── Input material ──

definition hecke :: "'k::field \<Rightarrow> ('k ten2 \<Rightarrow> 'k ten2) \<Rightarrow> bool" where
  "hecke q R \<longleftrightarrow> klin R
     \<and> (\<forall>U. R12 R (R23 R (R12 R U)) = R23 R (R12 R (R23 R U)))
     \<and> (\<forall>T. R (R T + T) - scal q (R T + T) = 0)"

definition Ymap :: "'k::field \<Rightarrow> ('k ten2 \<Rightarrow> 'k ten2) \<Rightarrow> 'k ten2 \<Rightarrow> 'k ten2" where
  "Ymap q R T = scal q T - R T"

definition alt_trilinear :: "('k::field vec3 \<Rightarrow> 'k vec3 \<Rightarrow> 'k vec3 \<Rightarrow> 'k) \<Rightarrow> bool" where
  "alt_trilinear \<omega> \<longleftrightarrow>
     (\<forall>y z. lin_form (\<lambda>x. \<omega> x y z)) \<and> (\<forall>x z. lin_form (\<lambda>y. \<omega> x y z))
     \<and> (\<forall>x y. lin_form (\<lambda>z. \<omega> x y z))
     \<and> (\<forall>x z. \<omega> x x z = 0) \<and> (\<forall>x y. \<omega> x y x = 0) \<and> (\<forall>x y. \<omega> x y y = 0)"

definition ell :: "('k::field vec3 \<Rightarrow> 'k vec3) \<Rightarrow> 'k \<Rightarrow> ('k ten2 \<Rightarrow> 'k ten2)
     \<Rightarrow> ('k vec3 \<Rightarrow> 'k vec3 \<Rightarrow> 'k vec3 \<Rightarrow> 'k) \<Rightarrow> 'k vec3 \<Rightarrow> 'k vec3 \<Rightarrow> 'k vec3 \<Rightarrow> 'k" where
  "ell \<zeta> q R \<omega> x y = (\<lambda>z. omega_tilde \<zeta> \<omega> (wprod \<zeta> x (Ymap q R (tens2 (\<zeta> y) z))))"

end

theory Submission
  imports Defs "HOL.Vector_Spaces"
begin

(* Write <x, w> for the coefficient of x \<barwedge> w in the line \<Upsilon>^(3), normalised by
   <x, y \<barwedge> z> = det(x, y, z); then \<omega>~ is a nonzero multiple of this coordinate and
   \<ell>_xy(z) = c <x, Y(\<zeta>(y) z)> with c \<noteq> 0.  After untwisting by \<zeta>, I_2 consists of
   antisymmetric matrices and <x, w> is the cross-product pairing, so it is nondegenerate on
   both sides; moreover Y maps onto I_2 with kernel the q-eigenspace of R.  Hence a common zero z
   of all \<ell>_xy puts V \<otimes> z into the q-eigenspace, \<ell>_ax = 0 for all x forces
   <a, I_2> = 0, and \<ell>_xa = 0 for all x puts \<zeta>(a) \<otimes> V into the q-eigenspace.  For a
   Hecke symmetry R \<noteq> q Id a nonzero b with b \<otimes> V (or V \<otimes> b) in the q-eigenspace is
   impossible: the braid relation would make R act as q on its own image, and the quadratic
   relation then gives R = q Id.  Spanning follows because finitely many linear forms without a
   common nonzero zero span the dual space. *)

section \<open>Linear maps on coordinate spaces\<close>

lemma scal_apply: "scal c f i = c * f i"
  by (simp add: scal_def)

lemma scal_cancel: "scal c x = scal c y \<Longrightarrow> (c :: 'k::field) \<noteq> 0 \<Longrightarrow> x = y"
  by (simp add: fun_eq_iff scal_apply)

lemma klin_add: "klin f \<Longrightarrow> f (x + y) = f x + f y"
  by (simp add: klin_def)

lemma klin_scal: "klin f \<Longrightarrow> f (scal c x) = scal c (f x)"
  by (simp add: klin_def)

lemma klin_diff: "klin f \<Longrightarrow> f (x - y) = f x - f y"
  using klin_add[of f "x - y" y] by (simp add: eq_diff_eq)

lemma klin_zero: "klin f \<Longrightarrow> f 0 = 0"
  using klin_diff[of f 0 0] by simp

lemma klin_uminus: "klin f \<Longrightarrow> f (- x) = - f x"
  using klin_diff[of f 0 x] klin_zero[of f] by simp

lemma klin_sum: "klin f \<Longrightarrow> f (\<Sum>p\<in>S. scal (c p) (g p)) = (\<Sum>p\<in>S. scal (c p) (f (g p)))"
  by (induct S rule: infinite_finite_induct) (simp_all add: klin_zero klin_add klin_scal fun_eq_iff)

lemma klin_comp: "klin f \<Longrightarrow> klin g \<Longrightarrow> klin (\<lambda>x. f (g x))"
  by (simp add: klin_def)

lemma klin_inv:
  assumes "klin f" and "bij f"
  shows "klin (inv f)"
proof -
  have "inj f" and f_inv: "\<And>v. f (inv f v) = v"
    using \<open>bij f\<close> by (simp_all add: bij_is_inj bij_is_surj surj_f_inv_f)
  show ?thesis
    unfolding klin_def
    by (intro conjI allI; rule injD[OF \<open>inj f\<close>])
      (simp_all add: f_inv klin_add[OF \<open>klin f\<close>] klin_scal[OF \<open>klin f\<close>])
qed

lemma lin_form_add: "lin_form f \<Longrightarrow> f (x + y) = f x + f y"
  by (simp add: lin_form_def)

lemma lin_form_scal: "lin_form f \<Longrightarrow> f (scal c x) = c * f x"
  by (simp add: lin_form_def)

lemma lin_form_zero: "lin_form f \<Longrightarrow> f 0 = 0"
  using lin_form_add[of f 0 0] by (metis add_0 add_right_cancel)

lemma lin_form_sum:
  "lin_form f \<Longrightarrow> f (\<Sum>p\<in>S. scal (c p) (g p)) = (\<Sum>p\<in>S. c p * f (g p))"
  by (induct S rule: infinite_finite_induct) (simp_all add: lin_form_zero lin_form_add lin_form_scal)

lemma lin_form_comp: "klin g \<Longrightarrow> lin_form f \<Longrightarrow> lin_form (\<lambda>x. f (g x))"
  by (simp add: lin_form_def klin_def)

lemma lin_form_apply: "klin f \<Longrightarrow> lin_form (\<lambda>x. f x i)"
  by (simp add: lin_form_def klin_def scal_apply)

lemma sum_fun_apply: "(\<Sum>p\<in>S. f p) x = (\<Sum>p\<in>S. f p x)"
  by (induct S rule: infinite_finite_induct) simp_all

definition delta :: "'i \<Rightarrow> 'i \<Rightarrow> 'k::zero_neq_one" where
  "delta t = (\<lambda>s. if s = t then 1 else 0)"
(* Let $m,k\in\mathbb{N}$ and let $\alpha,\beta\in\mathbb{C}$ with $\alpha,\beta,1+\alpha+\beta+k\notin\mathbb{Z}_0^-$. Then \[ {}_3F_2\left[\begin{array}{r} -m,\ \alpha,\ \beta;\\ -m-k,\ 1+\alpha+\beta+k;\end{array}1\right]_m=\frac{\left(1+\alpha+k\right)_m\left(1+\beta+k\right)_m}{\left(1+k\right)_m\left(1+\alpha+\beta+k\right)_m}. \]
   Context: $\mathbb{N}=\{1,2,3,\dots\}$, $\mathbb{Z}_0^-=\{0,-1,-2,\dots\}$. For $a\in\mathbb{C}$ and $n\in\mathbb{N}_0$, $(a)_0=1$ and $(a)_n=a(a+1)\cdots(a+n-1)$. For $N\in\mathbb{N}_0$, ${}_3F_2\left[\begin{array}{r} a_1,a_2,a_3;\\ b_1,b_2;\end{array}z\right]_N=\sum_{n=0}^{N}\frac{(a_1)_n(a_2)_n(a_3)_n}{(b_1)_n(b_2)_n}\frac{z^n}{n!}$ (the sum of the first $N+1$ terms), defined whenever $(b_1)_n(b_2)_n\neq0$ for $0\le n\le N$. *)

theory Defs
  imports Complex_Main
begin

definition hyp3F2_trunc ::
  "complex \<Rightarrow> complex \<Rightarrow> complex \<Rightarrow> complex \<Rightarrow> complex \<Rightarrow> complex \<Rightarrow> nat \<Rightarrow> complex" where
  "hyp3F2_trunc a1 a2 a3 b1 b2 z N =
     (\<Sum>n=0..N. pochhammer a1 n * pochhammer a2 n * pochhammer a3 n /
                 (pochhammer b1 n * pochhammer b2 n) * z ^ n / of_nat (fact n))"

end

(* Multiplying the truncated series by (1 + k)_m (1 + \<alpha> + \<beta> + k)_m clears all denominators and
   leaves, with e = 1 + k, the polynomial
     S_n(e) = sum_j (n choose j) (a)_j (b)_j (a + b + e + j)_(n-j) (e)_(n-j).
   Pascal's rule writes S_(n+1)(e) as a sum over pairs of adjacent terms, and each pair equals
   (a + e)(b + e) times the j-th term of S_n(e + 1) up to a difference G(j) - G(j + 1) whose sum
   telescopes to 0. Hence S_(n+1)(e) = (a + e)(b + e) S_n(e + 1), and by induction
   S_n(e) = (a + e)_n (b + e)_n: this is the Pfaff-Saalschuetz summation. *)
theory Submission
  imports Defs
begin

definition saalschuetz_term :: "nat \<Rightarrow> 'a \<Rightarrow> 'a \<Rightarrow> 'a \<Rightarrow> nat \<Rightarrow> 'a::comm_semiring_1" where
  "saalschuetz_term n a b e j =
     pochhammer a j * pochhammer b j * pochhammer (a + b + e + of_nat j) (n - j) * pochhammer e (n - j)"

definition saalschuetz_certificate :: "nat \<Rightarrow> 'a \<Rightarrow> 'a \<Rightarrow> 'a \<Rightarrow> nat \<Rightarrow> 'a::comm_semiring_1" where
  "saalschuetz_certificate n a b e j =
     of_nat j * (a + b + e + of_nat j) * of_nat (n choose j) * saalschuetz_term n a b (e + 1) j"

lemma saalschuetz_term_telescoping:
  fixes a b e :: "'a::idom"
  assumes "j \<le> n"
  shows "of_nat (n choose j) * (saalschuetz_term (Suc n) a b e j + saalschuetz_term (Suc n) a b e (Suc j))
       = (a + e) * (b + e) * (of_nat (n choose j) * saalschuetz_term n a b (e + 1) j)
         + saalschuetz_certificate n a b e j - saalschuetz_certificate n a b e (Suc j)"
proof (cases "j = n")
  case True
  have binom: "n choose Suc n = 0"
    by (simp add: binomial_eq_0)
  show ?thesis
    unfolding True saalschuetz_term_def saalschuetz_certificate_def binom
    by (simp add: pochhammer_Suc) algebra
next
  case False
  with assms have "j < n" by simp
  then obtain r where n: "n = j + Suc r"
    by (auto simp: less_iff_Suc_add)
  define s where "s = a + b + e + of_nat j"
  have binom: "of_nat (Suc j) * of_nat (n choose Suc j) = (of_nat (Suc r) * of_nat (n choose j) :: 'a)"
  proof -
    have "Suc j * (n choose Suc j) = (n - j) * (n choose j)"
      by (simp only: binomial_absorption binomial_absorb_comp)
    then show ?thesis
      using n by (metis of_nat_mult diff_add_inverse)
  qed
  have idx: "Suc n - j = Suc (Suc r)" "n - j = Suc r" "n - Suc j = r" "Suc n - Suc j = Suc r"
    using n by simp_all
  have shift: "a + b + e + of_nat (Suc j) = s + 1" "a + b + (e + 1) + of_nat j = s + 1"
    "a + b + (e + 1) + of_nat (Suc j) = s + 2"
    by (simp_all add: s_def algebra_simps)
  have poch: "pochhammer s (Suc (Suc r)) = s * ((s + 1) * pochhammer (s + 2) r)"
    "pochhammer (s + 1) (Suc r) = (s + 1) * pochhammer (s + 2) r"
    by (simp_all add: pochhammer_rec algebra_simps)
  have poch_e: "pochhammer e (Suc (Suc r)) = e * (pochhammer (e + 1) r * (e + 1 + of_nat r))"
    using pochhammer_rec[of e "Suc r"] pochhammer_Suc[of "e + 1" r] by simp
  show ?thesis
    unfolding saalschuetz_term_def saalschuetz_certificate_def idx shift s_def[symmetric] poch poch_e
      pochhammer_Suc[of a j] pochhammer_Suc[of b j] pochhammer_rec[of e r] pochhammer_Suc[of "e + 1" r]
    using binom s_def unfolding of_nat_Suc
    by algebra
qed

lemma sum_binomial_Suc_pascal:
  fixes f :: "nat \<Rightarrow> 'a::comm_semiring_1"
  shows "(\<Sum>j\<le>Suc n. of_nat (Suc n choose j) * f j) = (\<Sum>j\<le>n. of_nat (n choose j) * (f j + f (Suc j)))"
proof -
  have shift: "f 0 + (\<Sum>j\<le>n. of_nat (n choose Suc j) * f (Suc j)) = (\<Sum>j\<le>n. of_nat (n choose j) * f j)"
    using sum.atMost_Suc_shift[of "\<lambda>j. of_nat (n choose j) * f j" n] by (simp add: binomial_eq_0)
  have "(\<Sum>j\<le>Suc n. of_nat (Suc n choose j) * f j)
      = (f 0 + (\<Sum>j\<le>n. of_nat (n choose Suc j) * f (Suc j))) + (\<Sum>j\<le>n. of_nat (n choose j) * f (Suc j))"
    by (simp add: sum.atMost_Suc_shift sum.distrib algebra_simps del: sum.atMost_Suc)
  then show ?thesis
    by (simp only: shift distrib_left sum.distrib)
qed

lemma saalschuetz_sum_Suc:
  fixes a b e :: "'a::idom"
  shows "(\<Sum>j\<le>Suc n. of_nat (Suc n choose j) * saalschuetz_term (Suc n) a b e j)
       = (a + e) * (b + e) * (\<Sum>j\<le>n. of_nat (n choose j) * saalschuetz_term n a b (e + 1) j)"
proof -
  let ?G = "saalschuetz_certificate n a b e"
  have "(\<Sum>j\<le>Suc n. of_nat (Suc n choose j) * saalschuetz_term (Suc n) a b e j)
      = (\<Sum>j\<le>n. (a + e) * (b + e) * (of_nat (n choose j) * saalschuetz_term n a b (e + 1) j)
                  + (?G j - ?G (Suc j)))"
    unfolding sum_binomial_Suc_pascal
    by (intro sum.cong refl) (simp add: saalschuetz_term_telescoping)
  also have "\<dots> = (a + e) * (b + e) * (\<Sum>j\<le>n. of_nat (n choose j) * saalschuetz_term n a b (e + 1) j)
                   + (?G 0 - ?G (Suc n))"
    by (simp only: sum.distrib sum_distrib_left sum_telescope)
  also have "?G 0 - ?G (Suc n) = 0"
    by (simp add: saalschuetz_certificate_def binomial_eq_0)
  finally show ?thesis
    by simp
qed

lemma saalschuetz_sum:
  fixes a b e :: "'a::idom"
  shows "(\<Sum>j\<le>n. of_nat (n choose j) * saalschuetz_term n a b e j) = pochhammer (a + e) n * pochhammer (b + e) n"
proof (induction n arbitrary: e)
  case 0
  then show ?case
    by (simp add: saalschuetz_term_def)
next
  case (Suc n)
  then show ?case
    by (simp add: saalschuetz_sum_Suc pochhammer_rec algebra_simps del: sum.atMost_Suc)
qed

lemma pochhammer_neg_of_nat:
  "pochhammer (- of_nat m :: 'a::field_char_0) j = (-1) ^ j * of_nat (m choose j) * fact j"
proof -
  have "(-1) ^ j * of_nat (m choose j) * fact j = ((-1) ^ j * (-1) ^ j) * pochhammer (- of_nat m :: 'a) j"
    by (simp add: binomial_gbinomial gbinomial_pochhammer)
  also have "(-1) ^ j * (-1) ^ j = (1 :: 'a)"
    by (simp flip: power_mult_distrib)
  finally show ?thesis
    by simp
qed

lemma pochhammer_one_minus_of_nat:
  fixes e :: "'a::comm_ring_1"
  assumes "j \<le> m"
  shows "pochhammer (1 - e - of_nat m) j = (-1) ^ j * pochhammer (e + of_nat (m - j)) j"
  using pochhammer_minus[of "e + of_nat m - 1" j] assms
  by (simp add: of_nat_diff algebra_simps)

lemma hyp3F2_term_saalschuetz:
  fixes a b e :: complex
  assumes "j \<le> m" and "pochhammer e m \<noteq> 0" and "pochhammer (a + b + e) m \<noteq> 0"
  shows "pochhammer (- of_nat m) j * pochhammer a j * pochhammer b j /
           (pochhammer (1 - e - of_nat m) j * pochhammer (a + b + e) j) * 1 ^ j / of_nat (fact j)
       = of_nat (m choose j) * saalschuetz_term m a b e j / (pochhammer e m * pochhammer (a + b + e) m)"
proof -
  have e_split: "pochhammer e m = pochhammer e (m - j) * pochhammer (e + of_nat (m - j)) j"
    using pochhammer_product'[of e "m - j" j] assms(1) by simp
  have c_split: "pochhammer (a + b + e) m = pochhammer (a + b + e) j * pochhammer (a + b + e + of_nat j) (m - j)"
    using pochhammer_product[OF assms(1)] .
  have nonzero: "pochhammer e (m - j) \<noteq> 0" "pochhammer (e + of_nat (m - j)) j \<noteq> 0"
      "pochhammer (a + b + e) j \<noteq> 0" "pochhammer (a + b + e + of_nat j) (m - j) \<noteq> 0"
    using assms(2,3) unfolding e_split c_split by auto
  show ?thesis
    unfolding pochhammer_neg_of_nat pochhammer_one_minus_of_nat[OF assms(1)] saalschuetz_term_def e_split c_split
    using nonzero by (simp add: field_simps)
qed

lemma hyp3F2_trunc_saalschuetz:
  fixes a b e :: complex
  assumes "pochhammer e m \<noteq> 0" and "pochhammer (a + b + e) m \<noteq> 0"
  shows "hyp3F2_trunc (- of_nat m) a b (1 - e - of_nat m) (a + b + e) 1 m
       = pochhammer (a + e) m * pochhammer (b + e) m / (pochhammer e m * pochhammer (a + b + e) m)"
proof -
  have "hyp3F2_trunc (- of_nat m) a b (1 - e - of_nat m) (a + b + e) 1 m
      = (\<Sum>j\<le>m. of_nat (m choose j) * saalschuetz_term m a b e j) / (pochhammer e m * pochhammer (a + b + e) m)"
    unfolding hyp3F2_trunc_def atMost_atLeast0[symmetric] sum_divide_distrib
    using assms by (intro sum.cong refl hyp3F2_term_saalschuetz) simp_all
  then show ?thesis
    by (simp add: saalschuetz_sum)
qed

theorem mainTheorem3:
  fixes m k :: nat and \<alpha> \<beta> :: complex
  assumes "m \<ge> 1" and "k \<ge> 1"
    and "\<forall>j::nat. \<alpha> \<noteq> - of_nat j"
    and "\<forall>j::nat. \<beta> \<noteq> - of_nat j"
    and "\<forall>j::nat. 1 + \<alpha> + \<beta> + of_nat k \<noteq> - of_nat j"
  shows "hyp3F2_trunc (- of_nat m) \<alpha> \<beta> (- of_nat m - of_nat k) (1 + \<alpha> + \<beta> + of_nat k) 1 m
         = pochhammer (1 + \<alpha> + of_nat k) m * pochhammer (1 + \<beta> + of_nat k) m /
           (pochhammer (1 + of_nat k) m * pochhammer (1 + \<alpha> + \<beta> + of_nat k) m)"
proof -
  define e :: complex where "e = 1 + of_nat k"
  have "pochhammer e m = of_nat (pochhammer (Suc k) m)"
    by (simp add: e_def flip: pochhammer_of_nat)
  moreover have "pochhammer (Suc k) m > 0"
    by (rule pochhammer_pos) simp
  ultimately have "pochhammer e m \<noteq> 0"
    by simp
  moreover have "pochhammer (\<alpha> + \<beta> + e) m \<noteq> 0"
    using assms(5) by (auto simp: e_def pochhammer_eq_0_iff add_ac)
  moreover have params: "1 - e - of_nat m = - of_nat m - of_nat k" "\<alpha> + \<beta> + e = 1 + \<alpha> + \<beta> + of_nat k"
    "\<alpha> + e = 1 + \<alpha> + of_nat k" "\<beta> + e = 1 + \<beta> + of_nat k"
    by (simp_all add: e_def algebra_simps)
  ultimately show ?thesis
    using hyp3F2_trunc_saalschuetz[of e m \<alpha> \<beta>] unfolding params by (simp add: e_def)
qed

end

───

Copy exactly the stretch of data above from the line with "using lin_form_add[of f" through the line with "x = (\<Sum>p\<in>S.", and omit all other lines.

The answer:
  using lin_form_add[of f 0 0] by (metis add_0 add_right_cancel)

lemma lin_form_sum:
  "lin_form f \<Longrightarrow> f (\<Sum>p\<in>S. scal (c p) (g p)) = (\<Sum>p\<in>S. c p * f (g p))"
  by (induct S rule: infinite_finite_induct) (simp_all add: lin_form_zero lin_form_add lin_form_scal)

lemma lin_form_comp: "klin g \<Longrightarrow> lin_form f \<Longrightarrow> lin_form (\<lambda>x. f (g x))"
  by (simp add: lin_form_def klin_def)

lemma lin_form_apply: "klin f \<Longrightarrow> lin_form (\<lambda>x. f x i)"
  by (simp add: lin_form_def klin_def scal_apply)

lemma sum_fun_apply: "(\<Sum>p\<in>S. f p) x = (\<Sum>p\<in>S. f p x)"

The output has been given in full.